### Prompt
Go over the data below line by line, and state how many lines contain the string "forall". Give the number only.

[[ Available data open ]]

theorem lemma4p3:
  fixes q :: nat and lam b :: complex and g f :: "complex \<Rightarrow> complex"
    and gn fn :: "nat \<Rightarrow> complex \<Rightarrow> complex" and lamn :: "nat \<Rightarrow> complex"
    and Orb :: "nat \<Rightarrow> complex set" and r0 r1 :: real and S :: "complex set"
  assumes q: "q \<ge> 1"
    and lam: "primitive_root_of_unity q lam"
    and g_hol: "\<exists>U. open U \<and> 0 \<in> U \<and> g holomorphic_on U"
    and g0: "g 0 = 0" and g'0: "deriv g 0 = lam"
    and f_def: "f = g ^^ q"
    and f_exp: "(\<lambda>z. f z - (z + z ^ (q + 1) + b * z ^ (2 * q + 1))) \<in> O[at 0](\<lambda>z. z ^ (2 * q + 2))"
    and r0: "0 < r0" "r0 < 1"
    and S: "open S" "cball 0 r0 \<subseteq> S" "f holomorphic_on S" "inj_on f S"
    and f_fix: "\<forall>z\<in>cball 0 r0. f z = z \<longrightarrow> z = 0"
    and f_Re: "\<forall>z\<in>cball 0 r0. Re (deriv f z) > 0"
    and gn_hol: "\<forall>n. \<exists>U. open U \<and> 0 \<in> U \<and> gn n holomorphic_on U"
    and gn0: "\<forall>n. gn n 0 = 0" and gn'0: "\<forall>n. deriv (gn n) 0 = lamn n"
    and lamn: "\<forall>n. norm (lamn n) \<noteq> 1"
    and fn_def: "\<forall>n. fn n = gn n ^^ q"
    and fn_hol: "\<forall>n. \<exists>T. open T \<and> cball 0 r0 \<subseteq> T \<and> fn n holomorphic_on T"
    and fn_lim: "uniform_limit (cball 0 r0) fn f sequentially"
    and fn_fix: "eventually (\<lambda>n. is_q_cycle (gn n) q (Orb n) \<and> 0 \<notin> Orb n \<and>
                   {z\<in>cball 0 r0. fn n z = z} = {0} \<union> Orb n) sequentially"
    and r1: "0 < r1" "r1 < r0 / 2"
    and r1_f: "f ` cball 0 r1 \<subseteq> ball 0 r0"
    and r1_finv: "cball 0 r1 \<subseteq> f ` S" "inj_on (inv_into S f) (cball 0 r1)"
                 "inv_into S f ` cball 0 r1 \<subseteq> ball 0 r0"
    and r1_fn: "eventually (\<lambda>n. \<forall>z\<in>cball 0 r1. norm (fn n z - z) \<le> r1 / 2) sequentially"
  shows "\<exists>r2. 0 < r2 \<and> r2 < r1 \<and>
           eventually (\<lambda>n. \<forall>z0 z1 z2. z1 = fn n z0 \<and> z2 = fn n z1 \<and>
               z0 \<in> ball 0 r2 \<and> z1 \<in> ball 0 r2 \<and> z2 \<in> ball 0 r2 \<and>
               fn n z0 \<noteq> z0 \<and> fn n z1 \<noteq> z1 \<and> fn n z2 \<noteq> z2 \<longrightarrow>
               homotopic_paths (ball 0 r1 - ({0} \<union> Orb n))
                 (linepath z1 z2) (fn n \<circ> linepath z0 z1)) sequentially"
proof -
  have f0: "f 0 = 0" unfolding f_def using g0 by (induction q) simp_all
  have "deriv f 0 = 1"
    using parabolic_expansion_has_field_derivative_one[OF q f0 f_exp] by (rule DERIV_imp_deriv)
  then obtain d where d: "0 < d"
    and deriv_fn: "eventually (\<lambda>n. \<forall>z\<in>ball 0 d. norm (deriv (fn n) z - 1) \<le> 1 / 4) sequentially"
    using eventually_deriv_uniformly_close[OF S(1-3) r0(1) fn_hol fn_lim, of "1 / 4"] by auto
  define R where "R = min d r1"
  have R: "0 < R" "R \<le> r1" "ball 0 R \<subseteq> ball 0 d" "ball 0 R \<subseteq> cball 0 r0"
    using d r1 by (auto simp: R_def)
  have good: "eventually (\<lambda>n. (1 / 4)-lipschitz_on (ball 0 R) (\<lambda>z. fn n z - z) \<and>
                {0} \<union> Orb n \<subseteq> {z. fn n z = z}) sequentially"
    using deriv_fn fn_fix
  proof eventually_elim
    case (elim n)
    obtain T where "cball 0 r0 \<subseteq> T" "fn n holomorphic_on T" using fn_hol by blast
    then have "fn n holomorphic_on ball 0 R" using R(4) by (blast intro: holomorphic_on_subset)
    with R elim show ?case by (auto intro!: deriv_near_one_imp_lipschitz_minus_id)
  qed
  have "homotopic_paths (ball 0 r1 - ({0} \<union> Orb n))
          (linepath (fn n z0) (fn n (fn n z0))) (fn n \<circ> linepath z0 (fn n z0))"
    if L: "(1 / 4)-lipschitz_on (ball 0 R) (\<lambda>z. fn n z - z)"
      and fixed: "{0} \<union> Orb n \<subseteq> {z. fn n z = z}"
      and z0: "z0 \<in> ball 0 (R / 2)" "fn n z0 \<noteq> z0" for n z0
    by (rule homotopic_paths_subset[OF homotopic_paths_linepath_image_avoiding_fixpoints[OF L _ _ z0]])
       (use fixed R in auto)
  then show ?thesis
    using good R by (intro exI[of _ "R / 2"]) (auto elim!: eventually_mono)
qed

[[ Available data closed ]]

### Result of this task
10